Таким образом, мы видим, что дневниковая летопись Толстой охватывает три жизненные стадии: время до замужества, этап индивидуации, совпавший со временем становления семейных отношений, и последующий период зрелой сознательной жизни. Каждую из них дневник отразил в специфическом отношении, сохраняя неизменной психологическую основу: хронологические рамки дневника почти полностью соответствуют стадиям роста сознания, фазам психического развития человека и отражают общеродовую тенденцию, закрепленную в большом числе образцов дневниковой прозы XIX в.
В основе пространственно-временной структуры дневника Толстой лежит субъективно-психологическое понимание времени. Для нее время всегда было и оставалось мерой личностных измерений, реже – семейных и никогда – континуально-исторических. Аналогичным образом понимала она и пространство.
Подобное понимание не было обусловлено исключительно индивидуально-психологическими особенностями. На нем лежит печать воспитания и образа жизни жены писателя.
Своеобразие хронотопа дневника определяет противоречие между широтой культурного кругозора Толстой и узостью физически освоенного ею пространства. Большую часть жизни, за исключением восьми лет, прожитых зимой в доме в Хамовниках, Софья Андреевна провела в Ясной Поляне, изредка выезжая в Москву на симфонические концерты и музыкально-драматические спектакли. Еще реже, в деловых целях, посещала столицу. На склоне лет она с горечью признавалась в дневнике, что ее географический кругозор крайне узок: «<…> я никогда нигде не была, ни за границей, ни по России» (т. 1, с. 435).
Правда, значительную роль в формировании дневникового хронотопа играют психологический характер автора и типология дневника.

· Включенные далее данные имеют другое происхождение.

(* For every positive integer $n$, $\mathsf{pf}_n(132)=\mathsf{pf}_n(231)$ and $\mathsf{pf}_n(213)=\mathsf{pf}_n(312)$.
   Context: $[n]=\{1,\dots,n\}$. A tuple $p=(p_1,\dots,p_n)\in[n]^n$ is a parking function if its weakly increasing rearrangement $(p'_1,\dots,p'_n)$ satisfies $p'_i\le i$ for all $i$. To a parking function $p$ associate the permutation $\pi(p)$ obtained by listing, for $s=1,\dots,n$ in turn, the indices $j$ with $p_j=s$ in increasing order, and concatenating. A permutation $\pi$ avoids $\sigma\in\mathfrak S_3$ if no length-3 subsequence of $\pi$ is order-isomorphic to $\sigma$. $\mathsf{pf}_n(\sigma)$ is the number of parking functions $p$ of length $n$ with $\pi(p)$ avoiding $\sigma$. *)

theory Defs
  imports Main
begin

(* A tuple p = (p_1,...,p_n) in [n]^n is represented as a list p of length n,
   with p_j = p ! (j - 1). *)

definition is_parking_function :: "nat \<Rightarrow> nat list \<Rightarrow> bool" where
  "is_parking_function n p \<longleftrightarrow>
     length p = n \<and> set p \<subseteq> {1..n} \<and>
     (\<forall>i\<in>{1..n}. sort p ! (i - 1) \<le> i)"

definition pf_perm :: "nat list \<Rightarrow> nat list" where
  "pf_perm p = concat (map (\<lambda>s. filter (\<lambda>j. p ! (j - 1) = s) [1..<length p + 1])
                            [1..<length p + 1])"

definition contains3 :: "nat list \<Rightarrow> nat list \<Rightarrow> bool" where
  "contains3 w \<sigma> \<longleftrightarrow>
     (\<exists>i j k. i < j \<and> j < k \<and> k < length w \<and>
        (let t = [w ! i, w ! j, w ! k] in
          \<forall>a<3. \<forall>b<3. (t ! a < t ! b \<longleftrightarrow> \<sigma> ! a < \<sigma> ! b)))"

definition avoids :: "nat list \<Rightarrow> nat list \<Rightarrow> bool" where
  "avoids w \<sigma> \<longleftrightarrow> \<not> contains3 w \<sigma>"

definition pf_count :: "nat \<Rightarrow> nat list \<Rightarrow> nat" where
  "pf_count n \<sigma> = card {p. is_parking_function n p \<and> avoids (pf_perm p) \<sigma>}"

end

theory Submission
  imports Defs "HOL-Library.Multiset" "HOL-Library.Product_Lexorder"
begin

text \<open>
  A parking function \<open>p\<close> is determined by \<open>\<pi>(p)\<close> together with the values of \<open>p\<close> read
  along \<open>\<pi>(p)\<close>: a weakly increasing sequence that increases strictly at every descent of
  \<open>\<pi>(p)\<close>, and whose multiset alone decides the parking condition. Hence the number of parking
  functions with a given permutation depends only on its ascent sequence, and
  \<open>pf\<^sub>n(\<sigma>) = pf\<^sub>n(\<tau>)\<close> whenever some bijection between \<open>\<sigma>\<close>-avoiding and
  \<open>\<tau>\<close>-avoiding permutations preserves ascents.

  Splitting at the maximal entry, a 132-avoider is \<open>\<alpha> n \<beta>\<close> with \<open>\<alpha>\<close> entirely above \<open>\<beta>\<close>,
  and a 231-avoider is \<open>\<alpha> n \<beta>\<close> with \<open>\<alpha>\<close> entirely below \<open>\<beta>\<close>. Recursively
  swapping the value ranges of the two blocks maps 132-avoiders injectively to 231-avoiders
  without changing ascents; reversal shows both sets have the same size. Complementation
  exchanges 213 with 231 and 132 with 312 while negating ascents, which gives the second identity.
\<close>

section \<open>Occurrences of patterns of length three\<close>

lemma all_less_3: "(\<forall>a<(3::nat). P a) \<longleftrightarrow> P 0 \<and> P 1 \<and> P 2"
  by (auto simp: numeral_3_eq_3 numeral_2_eq_2 less_Suc_eq)

lemma contains3_cong:
  assumes "length v = length w" and "\<forall>i<length w. \<forall>j<length w. v ! i < v ! j \<longleftrightarrow> w ! i < w ! j"
  shows "contains3 v \<sigma> \<longleftrightarrow> contains3 w \<sigma>"
  unfolding contains3_def Let_def assms(1)
proof (intro iff_exI conj_cong refl)
  fix i j k assume "i < j" "j < k" "k < length w"
  then show "(\<forall>a<3. \<forall>b<3. ([v ! i, v ! j, v ! k] ! a < [v ! i, v ! j, v ! k] ! b) = (\<sigma> ! a < \<sigma> ! b))
    \<longleftrightarrow> (\<forall>a<3. \<forall>b<3. ([w ! i, w ! j, w ! k] ! a < [w ! i, w ! j, w ! k] ! b) = (\<sigma> ! a < \<sigma> ! b))"
    using assms(2) by (simp add: all_less_3)
qed

lemma contains3_cong_antitone:
  assumes "length v = length w" and "\<forall>i<length w. \<forall>j<length w. v ! i < v ! j \<longleftrightarrow> w ! j < w ! i"
    and "\<forall>a<3. \<forall>b<3. \<tau> ! a < \<tau> ! b \<longleftrightarrow> \<sigma> ! b < \<sigma> ! a"
  shows "contains3 v \<sigma> \<longleftrightarrow> contains3 w \<tau>"
  unfolding contains3_def Let_def assms(1)
proof (intro iff_exI conj_cong refl)
  fix i j k assume "i < j" "j < k" "k < length w"
  then show "(\<forall>a<3. \<forall>b<3. ([v ! i, v ! j, v ! k] ! a < [v ! i, v ! j, v ! k] ! b) = (\<sigma> ! a < \<sigma> ! b))
    \<longleftrightarrow> (\<forall>a<3. \<forall>b<3. ([w ! i, w ! j, w ! k] ! a < [w ! i, w ! j, w ! k] ! b) = (\<tau> ! a < \<tau> ! b))"
    using assms(2,3) unfolding all_less_3 by auto
qed

lemma contains3_map_mono:
  assumes "\<forall>x\<in>set w. \<forall>y\<in>set w. h x < h y \<longleftrightarrow> x < y"
  shows "contains3 (map h w) \<sigma> \<longleftrightarrow> contains3 w \<sigma>"
  using assms by (intro contains3_cong) auto

lemma contains3_Cons3_iff:
  "contains3 w [x, y, z] \<longleftrightarrow> (\<exists>i j k. i < j \<and> j < k \<and> k < length w \<and>
     (w!i < w!j \<longleftrightarrow> x < y) \<and> (w!j < w!i \<longleftrightarrow> y < x) \<and> (w!i < w!k \<longleftrightarrow> x < z) \<and>
     (w!k < w!i \<longleftrightarrow> z < x) \<and> (w!j < w!k \<longleftrightarrow> y < z) \<and> (w!k < w!j \<longleftrightarrow> z < y))"
  unfolding contains3_def Let_def all_less_3 by (simp add: conj_ac)

lemma contains3_rev:
  assumes "length \<sigma> = 3"
  shows "contains3 (rev w) \<sigma> \<longleftrightarrow> contains3 w (rev \<sigma>)"
proof -
  obtain x y z where \<sigma>: "\<sigma> = [x, y, z]"
    using assms by (metis length_0_conv length_Suc_conv numeral_3_eq_3)
  have rev_imp: "contains3 (rev v) [x, y, z]" if "contains3 v [z, y, x]" for v and x y z :: nat
  proof -
    from that obtain i j k where ijk: "i < j" "j < k" "k < length v"
      and iso: "(v!i < v!j \<longleftrightarrow> z < y) \<and> (v!j < v!i \<longleftrightarrow> y < z) \<and> (v!i < v!k \<longleftrightarrow> z < x) \<and>
       (v!k < v!i \<longleftrightarrow> x < z) \<and> (v!j < v!k \<longleftrightarrow> y < x) \<and> (v!k < v!j \<longleftrightarrow> x < y)"
      unfolding contains3_Cons3_iff by blast
    let ?r = "\<lambda>i. length v - Suc i"
    have "rev v ! ?r k = v ! k" "rev v ! ?r j = v ! j" "rev v ! ?r i = v ! i"
      using ijk by (simp_all add: rev_nth)
    moreover have "?r k < ?r j" "?r j < ?r i" "?r i < length (rev v)" using ijk by auto
    ultimately show ?thesis
      using iso unfolding contains3_Cons3_iff by (intro exI[of _ "?r k"] exI[of _ "?r j"] exI[of _ "?r i"]) simp
  qed
  show ?thesis unfolding \<sigma> using rev_imp[of w] rev_imp[of "rev w"] by auto
qed

lemma contains3_appendI1: "contains3 xs \<sigma> \<Longrightarrow> contains3 (xs @ ys) \<sigma>"
  unfolding contains3_def Let_def by (elim exE, rename_tac i j k, intro exI) (auto simp: nth_append)

lemma contains3_appendI2: "contains3 ys \<sigma> \<Longrightarrow> contains3 (xs @ ys) \<sigma>"
  unfolding contains3_def Let_def
  by (elim exE, rename_tac i j k, intro exI[of _ "length xs + i" for i]) (auto simp: nth_append)

lemma contains3_132_iff:
  "contains3 w [1,3,2] \<longleftrightarrow> (\<exists>i j k. i < j \<and> j < k \<and> k < length w \<and> w!i < w!k \<and> w!k < w!j)"
  unfolding contains3_Cons3_iff by (intro iff_exI) auto

lemma contains3_132_append_max:
  assumes xs: "\<forall>x\<in>set xs. x < m" and ys: "\<forall>y\<in>set ys. y < m"
  shows "contains3 (xs @ m # ys) [1,3,2] \<longleftrightarrow>
    contains3 xs [1,3,2] \<or> contains3 ys [1,3,2] \<or> (\<exists>a\<in>set xs. \<exists>b\<in>set ys. a < b)"
    (is "contains3 ?w _ \<longleftrightarrow> _")
proof
  assume "contains3 ?w [1,3,2]"
  then obtain i j k where ijk: "i < j" "j < k" "k < length ?w" and vals: "?w!i < ?w!k" "?w!k < ?w!j"
    unfolding contains3_132_iff by blast
  let ?l = "length xs"
  have right: "?w ! x = ys ! (x - Suc ?l)" if "?l < x" for x
    using that by (simp add: nth_append nth_Cons')
  consider "k < ?l" | "?l < i" | "i < ?l" "?l < k" | "i = ?l \<or> k = ?l" by linarith
  then show "contains3 xs [1,3,2] \<or> contains3 ys [1,3,2] \<or> (\<exists>a\<in>set xs. \<exists>b\<in>set ys. a < b)"
  proof cases
    case 1
    then have "contains3 xs [1,3,2]"
      using ijk vals unfolding contains3_132_iff by (intro exI[of _ i] exI[of _ j] exI[of _ k]) (simp add: nth_append)
    then show ?thesis ..
  next
    case 2
    then have "contains3 ys [1,3,2]"
      using ijk vals unfolding contains3_132_iff
      by (intro exI[of _ "i - Suc ?l"] exI[of _ "j - Suc ?l"] exI[of _ "k - Suc ?l"]) (auto simp: right)
    then show ?thesis by blast
  next
    case 3
    then have "xs ! i \<in> set xs" "ys ! (k - Suc ?l) \<in> set ys" "xs ! i < ys ! (k - Suc ?l)"
      using ijk vals by (auto simp: nth_append)
    then show ?thesis by blast
  next
    case 4
    have "\<forall>x\<in>set ?w. x \<le> m" using xs ys by auto
    moreover have "?w ! j \<in> set ?w" using ijk(2,3) by (intro nth_mem) linarith
    ultimately have "?w ! j \<le> m" by blast
    then show ?thesis using 4 vals by (auto simp: nth_append)
  qed
next
  assume "contains3 xs [1,3,2] \<or> contains3 ys [1,3,2] \<or> (\<exists>a\<in>set xs. \<exists>b\<in>set ys. a < b)"
  then show "contains3 ?w [1,3,2]"
  proof (elim disjE bexE)
    fix a b assume "a \<in> set xs" "b \<in> set ys" "a < b"
    then obtain i k where "i < length xs" "xs ! i = a" "k < length ys" "ys ! k = b"
      by (metis in_set_conv_nth)
    then show ?thesis unfolding contains3_132_iff using ys \<open>a < b\<close>
      by (intro exI[of _ i] exI[of _ "length xs"] exI[of _ "Suc (length xs + k)"]) (auto simp: nth_append)
  next
    assume "contains3 ys [1,3,2]"
    then show ?thesis using contains3_appendI2[of ys _ "xs @ [m]"] by simp
  qed (rule contains3_appendI1)
qed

Однако в истории жанра встречаются примеры, когда его изначальная форма менялась в зависимости от динамики внешней жизни повествователя. Так, дневник Н.И. Тургенева зафиксировал принципиальную смену пространственно-временной парадигмы в 1820-е годы: от психологического времени дневников 1800–1810-х годов, под влиянием многочисленных путешествий, впечатлений и перемен мест, он перешел к локально-континуальному временному измерению. Расширившийся географический горизонт естественным образом вместил увеличившееся культурное время – пространство.
У Толстой подобные изменения не наблюдаются ни в малой степени даже во время ее пребывания в Гаспре в 1902 г. Крымские впечатления не входят в повествование вследствие выработавшегося творческого принципа пространственно-временной организации событий.
Едва заметные изменения в этой области намечаются по мере того как старшие дети, обзаведшиеся своими семьями, начинают уходить из родного дома. В круг описанных дневных событий понемногу входят факты их самостоятельной домашней жизни, а с ними расширяется и пространство: Телятинки, Кочеты, Козловка. Но это обстоятельство не оказало существенного влияния на устоявшуюся структуру хронотопа.
Время и пространство являются формами автономного внутреннего мира Толстой, который сложился в ее сознании в 1860-е годы. Вместе с другими элементами этого мира они проецируются на события текущей жизни, зафиксированные в дневнике.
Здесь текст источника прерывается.